§ **Exercise requirements**
Copy the listing out exactly as shown.

::::

lemma success_probability_ge:
  fixes M :: "(real \<times> real) measure"
  assumes M: "prob_space M" and sets_M [measurable_cong]: "sets M = sets (borel \<Otimes>\<^sub>M borel)"
    and "1 \<le> m" "Phi q \<le> \<alpha>"
  shows "1 - measure M {p. t < fst p} ^ n - n * measure M {p. fst p \<le> t \<and> q < snd p}
    \<le> measure (PiM {..<n} (\<lambda>_. M)) {\<omega> \<in> space (PiM {..<n} (\<lambda>_. M)). success_event n m \<alpha> \<omega>}"
    (is "_ \<le> measure ?P ?Success")
proof -
  interpret M: prob_space M by (rule M)
  interpret P: finite_product_prob_space "\<lambda>_. M" "{..<n}" by unfold_locales simp
  define High where "High = {p :: real \<times> real. t < fst p}"
  define Bad where "Bad = {p :: real \<times> real. fst p \<le> t \<and> q < snd p}"
  have "High = {t<..} \<times> UNIV" "Bad = {..t} \<times> {q<..}" by (auto simp: High_def Bad_def)
  then have [measurable]: "High \<in> sets M" "Bad \<in> sets M" by simp_all
  define All_high where "All_high = (\<Pi>\<^sub>E i\<in>{..<n}. High)"
  define Some_bad where "Some_bad = (\<Union>i<n. {\<omega> \<in> space ?P. \<omega> i \<in> Bad})"
  have [measurable]: "All_high \<in> sets ?P" "Some_bad \<in> sets ?P" "?Success \<in> sets ?P"
    unfolding All_high_def Some_bad_def by (auto intro!: sets_PiM_I_finite sets_success_event[OF sets_M])
  have "space ?P - (All_high \<union> Some_bad) \<subseteq> ?Success"
  proof safe
    fix \<omega> assume \<omega>: "\<omega> \<in> space ?P" "\<omega> \<notin> All_high" "\<omega> \<notin> Some_bad"
    then obtain i where "i < n" "fst (\<omega> i) \<le> t"
      by (auto simp: All_high_def High_def space_PiM PiE_iff not_less)
    moreover have "\<forall>j<n. fst (\<omega> j) \<le> t \<longrightarrow> snd (\<omega> j) \<le> q"
      using \<omega> by (auto simp: Some_bad_def Bad_def not_less)
    ultimately show "success_event n m \<alpha> \<omega>" using success_event_if_low_sample assms(3,4) by blast
  qed
  then have "P.prob (space ?P - (All_high \<union> Some_bad)) \<le> P.prob ?Success"
    by (rule P.finite_measure_mono) simp
  then have "1 - P.prob (All_high \<union> Some_bad) \<le> P.prob ?Success"
    using P.prob_compl[of "All_high \<union> Some_bad"] by simp
  moreover have "P.prob (All_high \<union> Some_bad) \<le> P.prob All_high + P.prob Some_bad"
    by (intro measure_Un_le) auto
  moreover have "P.prob All_high = M.prob High ^ n"
    unfolding All_high_def by (simp add: P.prob_times)
  moreover have "P.prob Some_bad \<le> (\<Sum>i<n. P.prob {\<omega> \<in> space ?P. \<omega> i \<in> Bad})"
    unfolding Some_bad_def by (intro P.finite_measure_subadditive_finite) auto
  moreover have "P.prob {\<omega> \<in> space ?P. \<omega> i \<in> Bad} = M.prob Bad" if "i < n" for i
    using P.emeasure_PiM_Collect_single[of i Bad] that by (simp add: measure_def)
  ultimately show ?thesis unfolding High_def Bad_def by simp
qed

lemma p_success_G_ge:
  assumes "0 \<le> \<rho>" "\<rho> \<le> 1" "0 \<le> w" "w \<le> q - \<rho> * t" "Phi q \<le> \<alpha>" "1 \<le> m"
  shows "1 - (1 - Phi t) ^ n - n * (Phi t * (1 - Phi w)) \<le> p_success_G n m \<alpha> \<rho>"
proof -
  have "n * measure (biv_normal \<rho>) {p. fst p \<le> t \<and> q < snd p} \<le> n * (Phi t * (1 - Phi w))"
    using measure_biv_normal_upper_tail_le[OF assms(1-4)] by (rule mult_left_mono) simp
  then show ?thesis
    using success_probability_ge[OF prob_space_biv_normal[of \<rho>] sets_biv_normal[of \<rho>] assms(6,5), where t = t and n = n]
    unfolding p_success_G_def measure_biv_normal_fst_greater by linarith
qed

lemma p_success_G_ge_exp:
  assumes "0 < \<rho>" "\<rho> \<le> 1" "0 \<le> w" "Phi q \<le> \<alpha>" "1 \<le> m" "0 < c" "0 < n"
    and n_large: "c / n < Phi ((q - w) / \<rho>)"
  shows "1 - exp (- c) - c * (1 - Phi w) \<le> p_success_G n m \<alpha> \<rho>"
proof -
  have "0 < c / n" using assms(6,7) by simp
  moreover have "c / n < 1" using n_large Phi_le_1 by (rule less_le_trans)
  ultimately obtain t where t: "Phi t = c / n" by (rule Phi_surj)
  have "t \<le> (q - w) / \<rho>"
    using Phi_mono[of "(q - w) / \<rho>" t] n_large t by (cases "(q - w) / \<rho> \<le> t") auto
  then have "w \<le> q - \<rho> * t" using assms(1) by (simp add: field_simps)
  then have "1 - (1 - c / n) ^ n - c * (1 - Phi w) \<le> p_success_G n m \<alpha> \<rho>"
    using p_success_G_ge[of \<rho> w q t \<alpha> m n] assms(1-5,7) t by simp
  moreover have "(1 - c / n) ^ n \<le> exp (- c)"
    using \<open>c / n < 1\<close> assms(7) by (intro exp_ge_one_minus_x_over_n_power_n) (simp_all add: field_simps)
  ultimately show ?thesis by linarith
qed

theorem mainTheorem9:
  fixes \<alpha> \<rho> \<delta> :: real
  assumes "0 < \<alpha>" "\<alpha> \<le> 1" "0 < \<rho>" "\<rho> \<le> 1" "0 < \<delta>" "\<delta> \<le> 1"
  shows "\<exists>nbar::nat. \<forall>m::nat. \<forall>n::nat. 1 \<le> m \<longrightarrow> m \<le> n \<longrightarrow> nbar \<le> n \<longrightarrow>
           p_success_G n m \<alpha> \<rho> \<ge> 1 - \<delta>"
proof -
  define c where "c = ln (2 / \<delta>)"
  have c: "0 < c" "exp (- c) = \<delta> / 2"
    using assms(5,6) by (simp_all add: c_def ln_div exp_diff)
  obtain q where q: "Phi q \<le> \<alpha>" using ex_Phi_less[OF assms(1)] less_imp_le by blast
  obtain w where w: "0 \<le> w" "1 - \<delta> / (2 * c) < Phi w"
    using ex_Phi_greater[of "1 - \<delta> / (2 * c)" 0] assms(5) c(1) by auto
  define nbar where "nbar = nat \<lceil>c / Phi ((q - w) / \<rho>)\<rceil> + 1"
  have "1 - \<delta> \<le> p_success_G n m \<alpha> \<rho>" if "1 \<le> m" "nbar \<le> n" for m n
  proof -
    have "0 < n" "c / Phi ((q - w) / \<rho>) < n" using that(2) unfolding nbar_def by linarith+
    then have "c / n < Phi ((q - w) / \<rho>)" using Phi_pos by (simp add: field_simps)
    then have "1 - exp (- c) - c * (1 - Phi w) \<le> p_success_G n m \<alpha> \<rho>"
      using p_success_G_ge_exp assms(3,4) w(1) q that(1) c(1) \<open>0 < n\<close> by blast
    moreover have "c * (1 - Phi w) \<le> \<delta> / 2"
      using w(2) c(1) by (simp add: field_simps)
    ultimately show ?thesis using c(2) by linarith
  qed
  then show ?thesis by blast
qed

end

::::

§ **Solved exercise**
lemma success_probability_ge:
  fixes M :: "(real \<times> real) measure"
  assumes M: "prob_space M" and sets_M [measurable_cong]: "sets M = sets (borel \<Otimes>\<^sub>M borel)"
    and "1 \<le> m" "Phi q \<le> \<alpha>"
  shows "1 - measure M {p. t < fst p} ^ n - n * measure M {p. fst p \<le> t \<and> q < snd p}
    \<le> measure (PiM {..<n} (\<lambda>_. M)) {\<omega> \<in> space (PiM {..<n} (\<lambda>_. M)). success_event n m \<alpha> \<omega>}"
    (is "_ \<le> measure ?P ?Success")
proof -
  interpret M: prob_space M by (rule M)
  interpret P: finite_product_prob_space "\<lambda>_. M" "{..<n}" by unfold_locales simp
  define High where "High = {p :: real \<times> real. t < fst p}"
  define Bad where "Bad = {p :: real \<times> real. fst p \<le> t \<and> q < snd p}"
  have "High = {t<..} \<times> UNIV" "Bad = {..t} \<times> {q<..}" by (auto simp: High_def Bad_def)
  then have [measurable]: "High \<in> sets M" "Bad \<in> sets M" by simp_all
  define All_high where "All_high = (\<Pi>\<^sub>E i\<in>{..<n}. High)"
  define Some_bad where "Some_bad = (\<Union>i<n. {\<omega> \<in> space ?P. \<omega> i \<in> Bad})"
  have [measurable]: "All_high \<in> sets ?P" "Some_bad \<in> sets ?P" "?Success \<in> sets ?P"
    unfolding All_high_def Some_bad_def by (auto intro!: sets_PiM_I_finite sets_success_event[OF sets_M])
  have "space ?P - (All_high \<union> Some_bad) \<subseteq> ?Success"
  proof safe
    fix \<omega> assume \<omega>: "\<omega> \<in> space ?P" "\<omega> \<notin> All_high" "\<omega> \<notin> Some_bad"
    then obtain i where "i < n" "fst (\<omega> i) \<le> t"
      by (auto simp: All_high_def High_def space_PiM PiE_iff not_less)
    moreover have "\<forall>j<n. fst (\<omega> j) \<le> t \<longrightarrow> snd (\<omega> j) \<le> q"
      using \<omega> by (auto simp: Some_bad_def Bad_def not_less)
    ultimately show "success_event n m \<alpha> \<omega>" using success_event_if_low_sample assms(3,4) by blast
  qed
  then have "P.prob (space ?P - (All_high \<union> Some_bad)) \<le> P.prob ?Success"
    by (rule P.finite_measure_mono) simp
  then have "1 - P.prob (All_high \<union> Some_bad) \<le> P.prob ?Success"
    using P.prob_compl[of "All_high \<union> Some_bad"] by simp
  moreover have "P.prob (All_high \<union> Some_bad) \<le> P.prob All_high + P.prob Some_bad"
    by (intro measure_Un_le) auto
  moreover have "P.prob All_high = M.prob High ^ n"
    unfolding All_high_def by (simp add: P.prob_times)
  moreover have "P.prob Some_bad \<le> (\<Sum>i<n. P.prob {\<omega> \<in> space ?P. \<omega> i \<in> Bad})"
    unfolding Some_bad_def by (intro P.finite_measure_subadditive_finite) auto
  moreover have "P.prob {\<omega> \<in> space ?P. \<omega> i \<in> Bad} = M.prob Bad" if "i < n" for i
    using P.emeasure_PiM_Collect_single[of i Bad] that by (simp add: measure_def)
  ultimately show ?thesis unfolding High_def Bad_def by simp
qed

lemma p_success_G_ge:
  assumes "0 \<le> \<rho>" "\<rho> \<le> 1" "0 \<le> w" "w \<le> q - \<rho> * t" "Phi q \<le> \<alpha>" "1 \<le> m"
  shows "1 - (1 - Phi t) ^ n - n * (Phi t * (1 - Phi w)) \<le> p_success_G n m \<alpha> \<rho>"
proof -
  have "n * measure (biv_normal \<rho>) {p. fst p \<le> t \<and> q < snd p} \<le> n * (Phi t * (1 - Phi w))"
    using measure_biv_normal_upper_tail_le[OF assms(1-4)] by (rule mult_left_mono) simp
  then show ?thesis
    using success_probability_ge[OF prob_space_biv_normal[of \<rho>] sets_biv_normal[of \<rho>] assms(6,5), where t = t and n = n]
    unfolding p_success_G_def measure_biv_normal_fst_greater by linarith
qed

lemma p_success_G_ge_exp:
  assumes "0 < \<rho>" "\<rho> \<le> 1" "0 \<le> w" "Phi q \<le> \<alpha>" "1 \<le> m" "0 < c" "0 < n"
    and n_large: "c / n < Phi ((q - w) / \<rho>)"
  shows "1 - exp (- c) - c * (1 - Phi w) \<le> p_success_G n m \<alpha> \<rho>"
proof -
  have "0 < c / n" using assms(6,7) by simp
  moreover have "c / n < 1" using n_large Phi_le_1 by (rule less_le_trans)
  ultimately obtain t where t: "Phi t = c / n" by (rule Phi_surj)
  have "t \<le> (q - w) / \<rho>"
    using Phi_mono[of "(q - w) / \<rho>" t] n_large t by (cases "(q - w) / \<rho> \<le> t") auto
  then have "w \<le> q - \<rho> * t" using assms(1) by (simp add: field_simps)
  then have "1 - (1 - c / n) ^ n - c * (1 - Phi w) \<le> p_success_G n m \<alpha> \<rho>"
    using p_success_G_ge[of \<rho> w q t \<alpha> m n] assms(1-5,7) t by simp
  moreover have "(1 - c / n) ^ n \<le> exp (- c)"
    using \<open>c / n < 1\<close> assms(7) by (intro exp_ge_one_minus_x_over_n_power_n) (simp_all add: field_simps)
  ultimately show ?thesis by linarith
qed

theorem mainTheorem9:
  fixes \<alpha> \<rho> \<delta> :: real
  assumes "0 < \<alpha>" "\<alpha> \<le> 1" "0 < \<rho>" "\<rho> \<le> 1" "0 < \<delta>" "\<delta> \<le> 1"
  shows "\<exists>nbar::nat. \<forall>m::nat. \<forall>n::nat. 1 \<le> m \<longrightarrow> m \<le> n \<longrightarrow> nbar \<le> n \<longrightarrow>
           p_success_G n m \<alpha> \<rho> \<ge> 1 - \<delta>"
proof -
  define c where "c = ln (2 / \<delta>)"
  have c: "0 < c" "exp (- c) = \<delta> / 2"
    using assms(5,6) by (simp_all add: c_def ln_div exp_diff)
  obtain q where q: "Phi q \<le> \<alpha>" using ex_Phi_less[OF assms(1)] less_imp_le by blast
  obtain w where w: "0 \<le> w" "1 - \<delta> / (2 * c) < Phi w"
    using ex_Phi_greater[of "1 - \<delta> / (2 * c)" 0] assms(5) c(1) by auto
  define nbar where "nbar = nat \<lceil>c / Phi ((q - w) / \<rho>)\<rceil> + 1"
  have "1 - \<delta> \<le> p_success_G n m \<alpha> \<rho>" if "1 \<le> m" "nbar \<le> n" for m n
  proof -
    have "0 < n" "c / Phi ((q - w) / \<rho>) < n" using that(2) unfolding nbar_def by linarith+
    then have "c / n < Phi ((q - w) / \<rho>)" using Phi_pos by (simp add: field_simps)
    then have "1 - exp (- c) - c * (1 - Phi w) \<le> p_success_G n m \<alpha> \<rho>"
      using p_success_G_ge_exp assms(3,4) w(1) q that(1) c(1) \<open>0 < n\<close> by blast
    moreover have "c * (1 - Phi w) \<le> \<delta> / 2"
      using w(2) c(1) by (simp add: field_simps)
    ultimately show ?thesis using c(2) by linarith
  qed
  then show ?thesis by blast
qed

end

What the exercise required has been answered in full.